- The Washington Times - Tuesday, January 16, 2001

The U.S. Senate opens its confirmation circus this morning, and some of the senators haven't had this much fun tormenting devout Christians since the Romans amused themselves throwing believers to the lions.

Sen. Charles Schumer of New York, one of the most partisan of the Democrats, suggested yesterday that John Ashcroft's faith might even have damaged his mind. Like, uh, anyone who really believes that Christ stuff must be a little nuts.

"It may be," says Mr. Schumer, "that his philosophical and ideological beliefs are so deep that even if he believes he is enforcing the law, he isn't."

Other Democrats, expecting to lose their fight to prevent Mr. Ashcroft from making it to the Bush Cabinet, warn darkly that even if he is confirmed he can expect further harassment. "If he says one thing at the hearings, and then does something else as attorney general," a Democratic aide hiding bravely behind the usual anonymity, told Reuters, "we'd call him back and ask him to explain why."
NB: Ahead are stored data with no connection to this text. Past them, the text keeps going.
(* Let $1<\beta<2$, $N\ge5$, $h=(b-a)/N$, let $\gamma\in\mathbb R$ and $D_+,D_-\ge0$ with $D_++D_->0$. Then there is a constant $c>0$ independent of $h$ (one may take $c=c_1(D_++D_-)$ with $c_1$ independent of $h$) such that for every $\bm v\in V_h$ \[ (\delta^{\beta}_h\bm v,\bm v)\le -c\ln 2\,\|\bm v\|^2 . \]
   Context: Let $a<b$, $N$ a positive integer, $h=(b-a)/N$, grid $x_i=a+ih$. $V_h$ is the space of real grid functions $\bm v=(v_0,\dots,v_N)$ with $v_0=v_N=0$; $(\bm u,\bm v)=h\sum_{i=1}^{N-1}u_iv_i$, $\|\bm u\|=\sqrt{(\bm u,\bm u)}$. For $1<\beta<2$: $g^{(\beta)}_k=(-1)^k\binom{\beta}{k}$, $\lambda_1=\frac{\beta^2+3\beta+2}{12}$, $\lambda_0=\frac{4-\beta^2}{6}$, $\lambda_{-1}=\frac{\beta^2-3\beta+2}{12}$, $\omega^{(\beta)}_0=\lambda_1g^{(\beta)}_0$, $\omega^{(\beta)}_1=\lambda_1g^{(\beta)}_1+\lambda_0g^{(\beta)}_0$, $\omega^{(\beta)}_k=\lambda_1g^{(\beta)}_k+\lambda_0g^{(\beta)}_{k-1}+\lambda_{-1}g^{(\beta)}_{k-2}$ ($k\ge2$). For $\bm v\in V_h$, $1\le i\le N-1$: $(\delta^\beta_h\bm v)_i=\gamma\frac{v_{i+1}-v_{i-1}}{2h}+\frac{D_+}{h^\beta}\sum_{k=0}^{i+1}\omega^{(\beta)}_kv_{i-k+1}+\frac{D_-}{h^\beta}\sum_{k=0}^{N-i+1}\omega^{(\beta)}_kv_{i+k-1}$ (entries with index $0$ or $N$ are zero), and $(\delta^\beta_h\bm v,\bm v)=h\sum_{i=1}^{N-1}(\delta^\beta_h\bm v)_iv_i$. *)

theory Defs
  imports Complex_Main
begin

definition gw :: "real \<Rightarrow> nat \<Rightarrow> real" where
  "gw \<beta> k = (-1) ^ k * (\<beta> gchoose k)"

definition lam1 :: "real \<Rightarrow> real" where "lam1 \<beta> = (\<beta>^2 + 3*\<beta> + 2) / 12"
definition lam0 :: "real \<Rightarrow> real" where "lam0 \<beta> = (4 - \<beta>^2) / 6"
definition lamm1 :: "real \<Rightarrow> real" where "lamm1 \<beta> = (\<beta>^2 - 3*\<beta> + 2) / 12"

definition omega :: "real \<Rightarrow> nat \<Rightarrow> real" where
  "omega \<beta> k =
     (if k = 0 then lam1 \<beta> * gw \<beta> 0
      else if k = 1 then lam1 \<beta> * gw \<beta> 1 + lam0 \<beta> * gw \<beta> 0
      else lam1 \<beta> * gw \<beta> k + lam0 \<beta> * gw \<beta> (k - 1) + lamm1 \<beta> * gw \<beta> (k - 2))"

definition mesh :: "real \<Rightarrow> real \<Rightarrow> nat \<Rightarrow> real" where
  "mesh a b N = (b - a) / real N"

(* grid functions are nat \<Rightarrow> real; V_h = those with v 0 = 0 and v N = 0 (only v 0..v N matter) *)
definition in_Vh :: "nat \<Rightarrow> (nat \<Rightarrow> real) \<Rightarrow> bool" where
  "in_Vh N v \<longleftrightarrow> v 0 = 0 \<and> v N = 0"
Mr. Ashcroft's tormentors continued yesterday to look for ringers to use against his candidacy. An "interfaith" group of somewhat vague ancestry, which appears to comprise the usual suspects accustomed to preaching to empty pews, urged the Senate Judiciary Committee, which opens hearings this morning, to ask Mr. Ashcroft the usual when-did-you-stop-beating-your-wife question: If confirmed, would he allow Christianity to be imposed on public institutions and sanction discrimination against other faiths.

"Religion in the public square must respect the rights of others to practice faith without imposing one ideology or belief," said the Rev. C. Welton Gaddy, a Baptist preacher who is executive director of the Interfaith Alliance. As the attorney general, Mr. Ashcroft "would be charged with upholding and fully enforcing the constitutional rights and liberties of faith groups that he clearly judges to be wrong and in need of correction." Mr. Gaddy does not say which "faith groups" he thinks Mr. Ashcroft believes are "wrong" and "in need of correction." (Several bystanders were all but overcome by the stench of the sanctimony.)

Nor does Mr. Gaddy acknowledge that Mr. Ashcroft has, in the past, said emphatically that his own Pentecostal faith like Mr. Gaddy's professed Baptist faith teaches that it is wrong to impose his religious beliefs on others. Mr. Ashcroft's critics take care to pay tribute to his reputation as a man of conscience and character.

But religious divines like C. Welton Gaddy and his colleagues do not actually believe that Mr. Ashcroft intends to send federal agents armed with automatic rifles into private homes (that was Janet Reno's schtick) to make them sing "Amazing Grace, How Sweet the Sound" any more than the Revs. Jesse Jackson and Al Sharpton believe that Mr. Ashcroft will haul out the fire hoses and unleash the Dobermans to drive little black children back to the cotton fields.

Charles Evers, the brother of slain civil rights leader Medgar Evers, is right about John Ashcroft, and they know it. Mr. Evers, the former mayor of Fayette, Miss., sent letters yesterday on behalf of Mr. Ashcroft to two members of the Judiciary Committee, Teddy Kennedy of Massachusetts, who with Rep. Barney Frank of Massachusetts guards the pure blue flame of morality as Democrats understand it, and Orrin Hatch of Utah, the Republican chairman. "Senator Ashcroft is a man of tremendous experience and high integrity," Mr. Evers wrote. "The allegations of racism against him are not supported by facts. A look at Senator Ashcroft's record as governor of Missouri and as a United States senator shows that he voted to confirm 23 of 26 African American judicial appointments."

It's all in the game, and the game is to strangle the new administration in the cradle as the overture to '04. A key handful of the Democratic senators, including but not limited to the junior senator from New York, are already candidates, and the first opportunity to put down markers arrives this morning.

The Democrats not only understand knee-in-the-groin, thumb-in-the-eye politics, but relish it, like the cowboy who rides into town on Saturday night looking for a saloon to break up and goes home disappointed if neither eye has been blackened. It's John Ashcroft's luck, if he will pardon the metaphor, that the Democrats elected his saloon.

George W. knows this, and he must hope that all his men (and women) understand this, too. No matter how rough the fight gets, no matter how tempting it may be to retreat into Republican tradition and turn tail, they cannot even for a nanosecond entertain thoughts of pulling the plug. Not this time, or they're all dead.